Canonical Gremlin1 (GREM1) signaling involves binding to and sequestering bone morphogenetic proteins (BMPs) in the extracellular matrix, preventing the activation of cognate BMP receptor. Exquisite temporospatial control of the GREM1-BMP interaction is required during development, and perturbation of this balance leads to abnormal limb formation and defective kidney development. In addition to inhibition of BMP signaling, several other noncanonical signaling modalities of GREM1 have been postulated. Some literature reports have suggested that GREM1 can bind to and activate vascular endothelial growth factor receptor-2 (VEGFR2) in endothelial cells, human kidney epithelial cells, and others. These reports suggest that the GREM1 → VEGFR2 signaling can drive angiogenesis both in vitro and in vivo We report here that, despite exhaustive attempts, we did not observe GREM1 activation of VEGFR2 in any of the cell lines reported by the above-mentioned studies. Incubation of endothelial colony-forming cells (ECFCs) or human umbilical vein endothelial cells (HUVECs) with recombinant VEGF triggered a robust increase in VEGFR2 tyrosine phosphorylation. In contrast, no VEGFR2 phosphorylation was detected when cells were incubated with recombinant GREM1 over a range of time points and concentrations. We also show that GREM1 does not interfere with VEGF-mediated VEGFR2 activation, suggesting that GREM1 does not bind with any great affinity to VEGFR2. Measurements of ECFC barrier integrity revealed that VEGF induces barrier function disruption, but recombinant human GREM1 had no effect in this assay.
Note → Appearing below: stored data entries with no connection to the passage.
(* Let $G$ be a group (finite or infinite), let $F$ be a field of characteristic zero, and let $\mathfrak{S}$ be a subring of $F[G]$. Then $\mathfrak{S}$ is a Schur ring over $G$ if and only if $\mathfrak{S}$ is closed under the Hadamard product $\circ$ and under the involution $*$, $1\in\mathfrak{S}$, and for every $g\in G$ there exists $\alpha\in\mathfrak{S}$ with $g\in\operatorname{supp}(\alpha)$.
   Context: Elements of $F[G]$ are $\alpha=\sum_{g\in G}\alpha_g g$ with finitely many nonzero $\alpha_g\in F$; $\operatorname{supp}(\alpha)=\{g\mid\alpha_g\neq0\}$; $\alpha\circ\beta=\sum_g\alpha_g\beta_g g$; $\alpha^*=\sum_g\alpha_g g^{-1}$. For finite $C\subseteq G$, $\overline{C}=\sum_{g\in C}g$ and $C^*=\{g^{-1}\mid g\in C\}$. A Schur module is an $F$-subspace $\mathfrak{S}=\operatorname{Span}_F\{\overline{C}\mid C\in\mathcal{P}\}$ for a partition $\mathcal{P}$ of $G$ into finite sets; this partition is denoted $\mathcal{D}(\mathfrak{S})$. A Schur ring over $G$ is a Schur module $\mathfrak{S}$ such that (i) $\{1\}\in\mathcal{D}(\mathfrak{S})$; (ii) $C\in\mathcal{D}(\mathfrak{S})$ implies $C^*\in\mathcal{D}(\mathfrak{S})$; (iii) for all $C,D\in\mathcal{D}(\mathfrak{S})$, $\overline{C}\cdot\overline{D}=\sum_{E\in\mathcal{D}(\mathfrak{S})}\lambda_{CDE}\overline{E}$ with only finitely many $\lambda_{CDE}\in F$ nonzero. *)

theory Defs
  imports Main
begin

text \<open>The group G is a type of class group_add (not necessarily commutative),
  written additively: group product g*h is g + h, inverse is -g, identity is 0.
  Elements of F[G] are finitely supported functions G \<Rightarrow> F.\<close>

definition supp :: "('g \<Rightarrow> 'f::zero) \<Rightarrow> 'g set" where
  "supp a = {g. a g \<noteq> 0}"

definition grp_alg :: "('g \<Rightarrow> 'f::zero) set" where
  "grp_alg = {a. finite (supp a)}"

definition conv :: "('g::group_add \<Rightarrow> 'f::field) \<Rightarrow> ('g \<Rightarrow> 'f) \<Rightarrow> ('g \<Rightarrow> 'f)" where
  "conv a b = (\<lambda>g. \<Sum>h\<in>supp a. a h * b (- h + g))"

definition had :: "('g \<Rightarrow> 'f::field) \<Rightarrow> ('g \<Rightarrow> 'f) \<Rightarrow> ('g \<Rightarrow> 'f)" where
  "had a b = (\<lambda>g. a g * b g)"

definition star :: "('g::group_add \<Rightarrow> 'f::field) \<Rightarrow> ('g \<Rightarrow> 'f)" where
  "star a = (\<lambda>g. a (- g))"

definition unit_elt :: "'g::group_add \<Rightarrow> 'f::field" where
  "unit_elt = (\<lambda>g. if g = 0 then 1 else 0)"

definition bar :: "'g set \<Rightarrow> ('g \<Rightarrow> 'f::field)" where
  "bar C = (\<lambda>g. if g \<in> C then 1 else 0)"

definition fspan :: "('g \<Rightarrow> 'f::field) set \<Rightarrow> ('g \<Rightarrow> 'f) set" where
  "fspan X = {a. \<exists>T c. finite T \<and> T \<subseteq> X \<and> a = (\<lambda>g. \<Sum>x\<in>T. c x * x g)}"

definition finite_partition :: "'g set set \<Rightarrow> bool" where
  "finite_partition P \<longleftrightarrow> (\<forall>C\<in>P. C \<noteq> {} \<and> finite C)
     \<and> (\<forall>C\<in>P. \<forall>D\<in>P. C \<noteq> D \<longrightarrow> C \<inter> D = {}) \<and> \<Union>P = UNIV"

definition schur_module_of :: "('g \<Rightarrow> 'f::field) set \<Rightarrow> 'g set set \<Rightarrow> bool" where
  "schur_module_of S P \<longleftrightarrow> finite_partition P \<and> S = fspan (bar ` P)"

definition schur_ring :: "('g::group_add \<Rightarrow> 'f::field) set \<Rightarrow> bool" where
  "schur_ring S \<longleftrightarrow> (\<exists>P. schur_module_of S P
     \<and> {0} \<in> P
     \<and> (\<forall>C\<in>P. uminus ` C \<in> P)
     \<and> (\<forall>C\<in>P. \<forall>D\<in>P. \<exists>T lam. finite T \<and> T \<subseteq> P \<and>
           conv (bar C) (bar D) = (\<lambda>g. \<Sum>E\<in>T. lam E * (bar E g :: 'f))))"

text \<open>Subring of F[G], read as an F-subalgebra (not necessarily containing 1).\<close>
definition subalgebra :: "('g::group_add \<Rightarrow> 'f::field) set \<Rightarrow> bool" where
  "subalgebra S \<longleftrightarrow> S \<subseteq> grp_alg \<and> (\<lambda>g. 0) \<in> S
     \<and> (\<forall>a\<in>S. \<forall>b\<in>S. (\<lambda>g. a g + b g) \<in> S)
     \<and> (\<forall>c. \<forall>a\<in>S. (\<lambda>g. c * a g) \<in> S)
     \<and> (\<forall>a\<in>S. \<forall>b\<in>S. conv a b \<in> S)"

end

theory Submission
  imports Defs
begin

text \<open>Indicators of the blocks of a partition are orthogonal idempotents for the Hadamard
  product, so a Schur ring is closed under it. Conversely, if \<open>S\<close> is closed under the Hadamard
  product, then the indicator of every nonzero level set of some \<open>a \<in> S\<close> is a polynomial without
  constant term in \<open>a\<close>, hence lies in \<open>S\<close>. The minimal nonempty finite sets whose indicators lie
  in \<open>S\<close> therefore partition \<open>G\<close>, every element of \<open>S\<close> is constant on them, and \<open>S\<close> is their span;
  closure under \<open>*\<close> and \<open>1 \<in> S\<close> make this partition closed under inversion and contain \<open>{0}\<close>.\<close>

lemma bar_inj: "inj (bar :: 'g set \<Rightarrow> 'g \<Rightarrow> 'f::field)"
  by (rule injI) (metis (full_types) bar_def one_neq_zero subsetI subset_antisym)

lemma supp_bar [simp]: "supp (bar C :: 'g \<Rightarrow> 'f::field) = C"
  by (simp add: supp_def bar_def)

lemma had_bar: "had (bar C) (bar D) = (bar (C \<inter> D) :: 'g \<Rightarrow> 'f::field)"
  by (auto simp: had_def bar_def)

lemma star_bar: "star (bar C) = (bar (uminus ` C) :: 'g::group_add \<Rightarrow> 'f::field)"
  by (force simp: star_def bar_def)

lemma unit_elt_eq_bar: "unit_elt = (bar {0} :: 'g::group_add \<Rightarrow> 'f::field)"
  by (simp add: unit_elt_def bar_def)

lemma fspan_image_bar:
  fixes P :: "'g set set"
  shows "fspan (bar ` P) =
    {a. \<exists>T c. finite T \<and> T \<subseteq> P \<and> a = (\<lambda>g. \<Sum>C\<in>T. c C * (bar C g :: 'f::field))}"
    (is "?L = ?R")
proof
  show "?L \<subseteq> ?R"
  proof
    fix a assume "a \<in> ?L"
    then obtain T' c where T': "finite T'" "T' \<subseteq> bar ` P" and a: "a = (\<lambda>g. \<Sum>x\<in>T'. c x * x g)"
      unfolding fspan_def by blast
    then obtain T where T: "T \<subseteq> P" "T' = bar ` T" by (meson subset_image_iff)
    have inj: "inj_on (bar :: 'g set \<Rightarrow> 'g \<Rightarrow> 'f) T" using bar_inj by (rule inj_on_subset) simp
    have "finite T" using T'(1) unfolding T(2) finite_image_iff[OF inj] .
    moreover have "a = (\<lambda>g. \<Sum>C\<in>T. c (bar C) * bar C g)"
      unfolding a T(2) sum.reindex[OF inj] by simp
    ultimately show "a \<in> ?R" using T(1) by (intro CollectI exI conjI)
  qed
  show "?R \<subseteq> ?L"
  proof
    fix a assume "a \<in> ?R"
    then obtain T c where T: "finite T" "T \<subseteq> P" and a: "a = (\<lambda>g. \<Sum>C\<in>T. c C * bar C g)"
      by (elim CollectE exE conjE)
    have inj: "inj_on (bar :: 'g set \<Rightarrow> 'g \<Rightarrow> 'f) T" using bar_inj by (rule inj_on_subset) simp
    have "a = (\<lambda>g. \<Sum>x\<in>bar ` T. c (inv bar x) * x g)"
      unfolding a sum.reindex[OF inj] by (simp add: inv_f_f[OF bar_inj])
    then show "a \<in> ?L"
      unfolding fspan_def using T by (intro CollectI exI conjI) auto
  qed
qed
We believe that these results provide an important clarification of the potential interaction between GREM1 and VEGFR2 in mammalian cells.
Bibliographical notePublished under license by The American Society for Biochemistry and Molecular Biology, Inc.
- bone morphogenetic protein (BMP)
- cancer biology
- cell signaling
- cell surface receptor
- protein phosphorylation
- vascular biology
- vascular endothelial growth factor (VEGF)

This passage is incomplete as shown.